• **AIM OF THE EXERCISE**: Say how many lines in the data hold "shows". Nothing else belongs in the answer.
################
lemma ccong_cinterp:
  assumes "ccong R c c'" and idem: "e * e = e"
    and rel: "\<forall>r\<in>R. fls_const e * cinterp v r = 0"
  shows "fls_const e * cinterp v c = fls_const e * cinterp v c'"
  using assms(1)
proof (induction rule: ccong.induct)
  case (c_dot t t' u u')
  then show ?case
    using mult_cong_under_factor by simp
next
  case (c_star t t' u u')
  then have "fls_const e * (cinterp v u * fls_X) = fls_const e * (cinterp v u' * fls_X)"
    by (metis mult.assoc)
  with c_star show ?case
    using mult_cong_under_factor[of "fls_const e" "cinterp v t" "cinterp v t'"]
    by (simp add: star_fls_def mult.assoc)
next
  case (c_D t t')
  then show ?case
    by (simp add: D_fls_idempotent_factor[OF idem])
next
  case (c_gen r)
  then show ?case
    using rel by simp
next
  case (c_add t t' u u')
  then show ?case
    by (simp add: distrib_left)
next
  case (c_sm t t' a)
  then show ?case
    by (metis cinterp.simps(5) mult.left_commute)
next
  case (c_sm_sm a b t)
  then show ?case
    by (simp add: scalar_mult fls_const_mult_const[symmetric] mult.assoc del: fls_const_mult_const)
next
  case (c_sm_one t)
  then show ?case by (simp add: scalar_one)
next
  case (c_add_sm a b t)
  then show ?case by (simp add: scalar_add fls_plus_const[symmetric] algebra_simps)
next
  case (c_add_inv t)
  then show ?case by (simp add: scalar_minus_one)
next
  case (c_D_add t u)
  then show ?case by (simp add: D_fls_add)
next
  case (c_D_sm a t)
  then show ?case by (simp add: D_fls_scalar)
next
  case (c_D_star x y)
  then show ?case by (simp add: D_fls_star)
next
  case (c_D_dot x y)
  then show ?case by (simp add: D_fls_dot csub_def scalar_minus_one)
qed (simp_all add: star_fls_def algebra_simps)

end

section \<open>The product of all GDN-Poisson algebras GDNP(X|S)\<close>

primrec augmentation :: "('k::field,'x) gterm \<Rightarrow> 'k" where
  "augmentation (GV a) = 0"
| "augmentation G0 = 0"
| "augmentation GE = 1"
| "augmentation (GAdd t u) = augmentation t + augmentation u"
| "augmentation (GSm a t) = a * augmentation t"
| "augmentation (GDot t u) = augmentation t * augmentation u"
| "augmentation (GCirc t u) = 0"
lemma remove_corner_col_mem:
  assumes "X \<in> corner_left n k"
  shows "remove_corner_col X \<in> free_row (n - 1) (k - 1)"
    and "insert_corner_col (remove_corner_col X) = X"
proof -
  obtain D P S i0 j0 where X: "X = (((D,P),S),(i0,j0))" by (metis prod.exhaust)
  have T: "tree_like_tableau D P" and cP: "card P = n" and So: "S \<subseteq> occupied_corners D P"
    and cS: "card S = k" and c: "(i0,j0) \<in> S" and L: "\<exists>j'<j0. (i0, j') \<in> P"
    using assms unfolding X corner_left_def marked_iff by auto
  have cP': "(i0,j0) \<in> P" and cc: "is_corner D (i0,j0)" using c So unfolding occupied_corners_def by auto
  have Scol: "{p\<in>S. snd p = j0} = {(i0,j0)}"
    using left_attached_corner_col_pointed_set[OF T cP' cc L] So c unfolding occupied_corners_def by blast
  have "{p\<in>S. snd p \<noteq> j0} = S - {(i0,j0)}" using Scol by blast
  then have "card (delete_col j0 S) = k - 1"
    using card_delete_col[of j0 S] c cS finite_subset[OF So finite_occupied_corners[OF T]] by simp
  moreover have "i0 \<notin> fst ` delete_col j0 S"
  proof
    assume "i0 \<in> fst ` delete_col j0 S"
    then obtain j where "(i0, skip j0 j) \<in> S" unfolding delete_col_def by auto
    then have "skip j0 j = j0"
      using So cc corner_unique_in_row[OF tlt_ferrers[OF T]] unfolding occupied_corners_def by blast
    then show False using skip_neq by simp
  qed
  moreover have "delete_col j0 S \<subseteq> occupied_corners (delete_col j0 D) (delete_col j0 P)"
    using delete_col_occupied_corners[OF tlt_ferrers[OF T]] So unfolding delete_col_def by blast
  ultimately show "remove_corner_col X \<in> free_row (n - 1) (k - 1)"
    using tlt_delete_col[OF T cP' cc L] card_delete_col_pointed[OF T cP' cc L] rows_of_delete_col[OF T cP' cc L] cP
    unfolding X free_row_def marked_iff by simp
  show "insert_corner_col (remove_corner_col X) = X" unfolding X
    using row_length_delete_col[OF T cP' cc L] add_col_delete_col_diagram[OF left_attached_corner_col_segment[OF T cP' cc L]]
      add_col_delete_col_pointed[OF left_attached_corner_col_pointed_set[OF T cP' cc L]] add_col_delete_col_pointed[OF Scol]
    by simp
qed
(* Let $f:(L',\alpha_{L'})\to(L,\alpha_L)$ be an $\alpha$-cover and $C=\mathfrak{uce}_\alpha(f)(\mathrm{Ker}\,U_{\alpha'})\subseteq\mathrm{Ker}\,U_\alpha$. Then: (a) For any $d\in\mathrm{Der}(L,\alpha_L)$ there exists $\delta_d\in\mathrm{Der}(L',\alpha_{L'})$ with $f\circ\delta_d=d\circ f$ if and only if $\mathfrak{uce}_\alpha(d)(C)\subseteq C$. In that case $\delta_d$ is uniquely determined by $f\circ\delta_d=d\circ f$ and $\delta_d(\mathrm{Ker}\,f)\subseteq\mathrm{Ker}\,f$. (b) The map $\Delta:\{d\in\mathrm{Der}(L,\alpha_L):\mathfrak{uce}_\alpha(d)(C)\subseteq C\}\to\{\rho\in\mathrm{Der}(L',\alpha_{L'}):\rho(\mathrm{Ker}\,f)\subseteq\mathrm{Ker}\,f\}$, $d\mapsto\delta_d$, is a linear isomorphism. (c) For the $\alpha$-cover $U_\alpha:\mathfrak{uce}_\alpha(L)\to L$, the map $d\mapsto\mathfrak{uce}_\alpha(d)$ is a linear isomorphism $\mathrm{Der}(L,\alpha_L)\to\{\delta\in\mathrm{Der}(\mathfrak{uce}_\alpha(L),\overline{\alpha}):\delta(\mathrm{Ker}\,U_\alpha)\subseteq\mathrm{Ker}\,U_\alpha\}$.
   Context: Hom-Leibniz algebras are multiplicative: $(L,\alpha_L)$ is a $\mathbb{K}$-vector space with bilinear bracket and linear $\alpha_L$ such that $[\alpha_L(x),[y,z]]=[[x,y],\alpha_L(z)]-[[x,z],\alpha_L(y)]$ and $\alpha_L[x,y]=[\alpha_L(x),\alpha_L(y)]$; homomorphisms preserve brackets and commute with structure maps. $\mathrm{Der}(L,\alpha_L)$ is the space of linear $d:L\to L$ with $d[x,y]=[\alpha_L(x),d(y)]+[d(x),\alpha_L(y)]$ and $d\circ\alpha_L=\alpha_L\circ d$. $Z(K)=\{x:[x,y]=0=[y,x]\ \forall y\}$. $(L,\alpha_L)$ is $\alpha$-perfect if $L=[\alpha_L(L),\alpha_L(L)]$. A central extension is a surjective homomorphism $\pi$ with $\mathrm{Ker}\,\pi\subseteq Z(K)$. An $\alpha$-cover is a central extension $f:(L',\alpha_{L'})\to(L,\alpha_L)$ with $(L',\alpha_{L'})$ $\alpha$-perfect (then $L$ is $\alpha$-perfect). For $\alpha$-perfect $(L,\alpha_L)$: $I_L\subseteq\alpha_L(L)\otimes\alpha_L(L)$ is spanned by $-[x_1,x_2]\otimes\alpha_L(x_3)+[x_1,x_3]\otimes\alpha_L(x_2)+\alpha_L(x_1)\otimes[x_2,x_3]$; $\mathfrak{uce}_\alpha(L)=(\alpha_L(L)\otimes\alpha_L(L))/I_L$ with classes $\{\alpha_L(x_1),\alpha_L(x_2)\}$, bracket $[\{a,b\},\{c,e\}]=\{[a,b],[c,e]\}$, endomorphism $\overline{\alpha}\{\alpha_L(x_1),\alpha_L(x_2)\}=\{\alpha_L^2(x_1),\alpha_L^2(x_2)\}$, $U_\alpha\{a,b\}=[a,b]$ (the universal $\alpha$-central extension); $U_{\alpha'}$ is the same for $L'$. $\mathfrak{uce}_\alpha(f)\{\alpha_{L'}(x_1),\alpha_{L'}(x_2)\}=\{\alpha_L(f(x_1)),\alpha_L(f(x_2))\}$, and for $d\in\mathrm{Der}(L,\alpha_L)$, $\mathfrak{uce}_\alpha(d)\{\alpha_L(x_1),\alpha_L(x_2)\}=\{d(\alpha_L(x_1)),\alpha_L^2(x_2)\}+\{\alpha_L^2(x_1),d(\alpha_L(x_2))\}$, a derivation of $\mathfrak{uce}_\alpha(L)$. *)

theory Defs
  imports Main "HOL-Library.Poly_Mapping" "HOL-Library.FuncSet"
begin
################
• **TASK SOLUTION**: 2